* [Listed entries]
********************
lemma fract_poly_dvd_imp_dvd:
  fixes p b :: "'a::field poly poly"
  assumes alg: "\<And>q :: 'a poly. degree q > 0 \<Longrightarrow> \<exists>z. poly q z = 0"
    and irr: "irreducible p" and deg: "degree p > 0"
    and dvd: "fract_poly p dvd fract_poly b"
  shows "p dvd b"
proof -
  obtain k where k: "fract_poly b = fract_poly p * k"
    using dvd ..
  obtain e K where K: "e \<noteq> 0" "smult (to_fract e) k = fract_poly K"
    using fract_poly_clear_denominators by blast
  have "fract_poly ([:e:] * b) = fract_poly p * smult (to_fract e) k"
    using k by simp
  also have "\<dots> = fract_poly (p * K)"
    using K(2) by simp
  finally have "[:e:] * b = p * K"
    by (simp only: fract_poly_eq_iff)
  then obtain P' K' u v where PK': "b = P' * K'" "p = smult u P'"
    using const_factor_cancel[OF alg] K(1) by blast
  have "p = P' * [:u:]"
    using PK'(2) by simp
  moreover have "\<not> is_unit P'"
    using deg PK'(2) degree_smult_le[of u P'] by (auto simp: is_unit_poly_iff)
  ultimately have "is_unit [:u:]"
    using irreducibleD[OF irr] by blast
  then have "p dvd P'"
    using \<open>p = P' * [:u:]\<close> by (metis dvd_mult_unit_iff dvd_refl)
  then show ?thesis
    using PK'(1) by simp
qed

lemma field_poly_gcd_combination:
  fixes P B :: "'k::field poly"
  assumes "P \<noteq> 0"
  shows "\<exists>u v. u * P + v * B dvd P \<and> u * P + v * B dvd B"
proof -
  define J where "J = {u * P + v * B | u v. True}"
  have J_closed: "w - q * g \<in> J" if w: "w \<in> J" and g: "g \<in> J" for w g q
  proof -
    obtain uw vw ug vg where "w = uw * P + vw * B" "g = ug * P + vg * B"
      using w g unfolding J_def by blast
    then have "w - q * g = (uw - q * ug) * P + (vw - q * vg) * B"
      by (simp add: algebra_simps)
    then show ?thesis
      unfolding J_def by blast
  qed
  have "P = 1 * P + 0 * B" "B = 0 * P + 1 * B"
    by simp_all
  then have "P \<in> J" "B \<in> J"
    unfolding J_def by blast+
  then obtain g where g: "g \<in> J" "g \<noteq> 0"
    and g_min: "\<And>w. w \<in> J \<Longrightarrow> w \<noteq> 0 \<Longrightarrow> degree g \<le> degree w"
    using ex_has_least_nat[of "\<lambda>w. w \<in> J \<and> w \<noteq> 0" P degree] assms by blast
  have "g dvd w" if "w \<in> J" for w
  proof -
    have "w mod g \<in> J"
      using J_closed[OF that g(1), of "w div g"] by (simp add: minus_div_mult_eq_mod)
    then have "w mod g = 0"
      using g_min[of "w mod g"] degree_mod_less'[OF g(2), of w] by fastforce
    then show ?thesis
      by (simp add: mod_eq_0_iff_dvd)
  qed
  then show ?thesis
    using g(1) \<open>P \<in> J\<close> \<open>B \<in> J\<close> unfolding J_def by blast
qed

lemma field_poly_irreducible_bezout:
  fixes P B :: "'k::field poly"
  assumes irr: "irreducible P" and not_dvd: "\<not> P dvd B"
  shows "\<exists>u v. u * P + v * B = 1"
proof -
  have "P \<noteq> 0"
    using irr by auto
  then obtain u v where dvd_P: "u * P + v * B dvd P" and dvd_B: "u * P + v * B dvd B"
    using field_poly_gcd_combination by blast
  from dvd_P obtain h where "P = (u * P + v * B) * h" ..
  moreover have "\<not> is_unit h"
  proof
    assume "is_unit h"
    then have "P dvd u * P + v * B"
      using \<open>P = (u * P + v * B) * h\<close> by (metis dvd_mult_unit_iff dvd_refl)
    then show False
      using not_dvd dvd_B dvd_trans by blast
  qed
  ultimately have "is_unit (u * P + v * B)"
    using irreducibleD[OF irr] by blast
  then obtain w where "1 = (u * P + v * B) * w"
    by (rule dvdE)
  then have "(w * u) * P + (w * v) * B = 1"
    by (simp add: algebra_simps)
  then show ?thesis
    by blast
qed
********************
* [Work instruction] Please give an exact copy of the entries above, from the line with "w] by fastforce" down to the line with "dvd u * P +", inclusive, and nothing else.

* [Expected output]
      using g_min[of "w mod g"] degree_mod_less'[OF g(2), of w] by fastforce
    then show ?thesis
      by (simp add: mod_eq_0_iff_dvd)
  qed
  then show ?thesis
    using g(1) \<open>P \<in> J\<close> \<open>B \<in> J\<close> unfolding J_def by blast
qed

lemma field_poly_irreducible_bezout:
  fixes P B :: "'k::field poly"
  assumes irr: "irreducible P" and not_dvd: "\<not> P dvd B"
  shows "\<exists>u v. u * P + v * B = 1"
proof -
  have "P \<noteq> 0"
    using irr by auto
  then obtain u v where dvd_P: "u * P + v * B dvd P" and dvd_B: "u * P + v * B dvd B"
    using field_poly_gcd_combination by blast
  from dvd_P obtain h where "P = (u * P + v * B) * h" ..
  moreover have "\<not> is_unit h"
  proof
    assume "is_unit h"
    then have "P dvd u * P + v * B"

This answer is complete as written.